I'm so not complaining. As much as I would love to just focus on Ismail, I also have a career that is intense, and if I take my foot off the gas, things will come toppling down and affect my career, long term. Thank gosh Rob is completely flexible with his work as an artist, so Ismail is getting all the care he needs. I still manage to spend many hours a day with him, just not as much as I’d like.
I so wish I could tell you what I'm working on right now, as there are so many exciting things in the works, and some that will be made public within the next couple of months. I could not be more pumped and I have a feeling you guys might also love them too. Gosh, I hope so.
You know, it’s a strange feeling, putting new projects out there, as a public figure. Before I became an entertainer, 3 years ago, I used to just assume that famous folks put out shows or projects and just expect that people would love them, and that the famous person wouldn’t really feel nervous or anxious about what the audience might think. They have their built in audiences and, therefore, they feel confident in their careers.
WRONG. At least for me.
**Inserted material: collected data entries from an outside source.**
(* Let $(\Omega,\Sigma,\mu)$ be a measure space and suppose $T:M^{2,\infty}[0,1]\to L^{2,\infty}(\Omega,\Sigma,\mu)$ is an embedding (an isomorphism onto its range). Then $(Th_n)_{n\ge1}$ is not a pairwise disjoint sequence.
   Context: For a measure space $(\Omega,\Sigma,\mu)$ and $1<p<\infty$, $L^{p,\infty}(\Omega,\Sigma,\mu)$ is the space of (equivalence classes of) measurable $f$ with $\|f\|=\sup_{c>0}c\,(\mu\{|f|>c\})^{1/p}<\infty$, a Banach space under an equivalent norm, and $M^{p,\infty}(\Omega,\Sigma,\mu)$ is its closed subspace generated by the characteristic functions $\chi_\sigma$ of measurable sets of finite measure; $M^{2,\infty}[0,1]$ refers to $[0,1]$ with Lebesgue measure. Two functions $f,g$ are disjoint if $|f|\wedge|g|=0$. $(h_n)$ are the $L^\infty$-normalized Haar functions on $[0,1]$: $h_1\equiv1$, and for $n=2^k+l$ with $k\ge0$, $1\le l\le 2^k$, $h_n=1$ on $[\frac{2l-2}{2^{k+1}},\frac{2l-1}{2^{k+1}})$, $h_n=-1$ on $[\frac{2l-1}{2^{k+1}},\frac{2l}{2^{k+1}})$, and $h_n=0$ elsewhere. *)

theory Defs
  imports "HOL-Analysis.Analysis"
begin

definition weak_norm :: "'a measure \<Rightarrow> real \<Rightarrow> ('a \<Rightarrow> real) \<Rightarrow> ennreal" where
  "weak_norm M p f =
     (SUP c\<in>{0::real<..}.
        (let m = emeasure M {x \<in> space M. c < \<bar>f x\<bar>}
         in if m = \<infinity> then \<infinity> else ennreal (c * (enn2real m) powr (1 / p))))"

definition Lweak :: "'a measure \<Rightarrow> real \<Rightarrow> ('a \<Rightarrow> real) set" where
  "Lweak M p = {f. f \<in> borel_measurable M \<and> weak_norm M p f < \<infinity>}"

definition fin_char_span :: "'a measure \<Rightarrow> ('a \<Rightarrow> real) set" where
  "fin_char_span M = {g. \<exists>(n::nat) (c::nat \<Rightarrow> real) (A::nat \<Rightarrow> 'a set).
       (\<forall>i<n. A i \<in> sets M \<and> emeasure M (A i) < \<infinity>) \<and>
       g = (\<lambda>x. \<Sum>i<n. c i * indicator (A i) x)}"

definition Mweak :: "'a measure \<Rightarrow> real \<Rightarrow> ('a \<Rightarrow> real) set" where
  "Mweak M p = {f \<in> Lweak M p. \<forall>e>0. \<exists>g \<in> fin_char_span M.
       weak_norm M p (\<lambda>x. f x - g x) < ennreal e}"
Every time I put out a new project, I feel physically sick. I get so nervous that no one will like it, and that people will start to realize that I never belonged in entertainment at all.
So often, I'm asked how I managed to build my confidence so greatly. It's always a tough one to answer. Yes, I feel confident about who I am as a person, a husband, a friend….. but I don’t feel confident in my career, at all. I'm always nervous that my time is over and that I won’t get hired again. I hate that feeling and every time I put something out there, I just pray that the press/audience doesn’t rip me to shreds.
With one of the new projects, that’s launching first, I feel so passionately about how good it is, but you never know what the world will think. But, I'm hoping that anyone who knows me knows how much work it took, and how cool it is. Eeeeek, let's hope that comment doesn’t come back to haunt me.
Back to my paternity leave. Right now, it looks like I’ll go back to shooting in really early October, for 2-3 weeks, for the Skin Bleaching Doc I'm doing with the BBC. Then, I don’t have any big shoots for the rest of the year, and I'm hoping to keep it that way. I really do just want to be at home as much as possible, and be with Rob and our boy. I don’t want to miss these few first month’s milestones. So, that’s what I'm pushing for. I guess time will tell as to whether or not that’ll happen.
Before I wrap up here for today, I have a Question. Do you have any interest in me sharing some of my favorite finds that have helped with new parenthood? I have now tried so many things to calm Ismail, that I find so helpful, and was thinking I’d link some of them here, soon, if you’d be interested?
At some point soon, I’ll also link some of my favorite fashion and home goods finds too. I always have SO many and love sharing them with friends.
Back to feeding my babe. Bye for now. Stay safe out there!!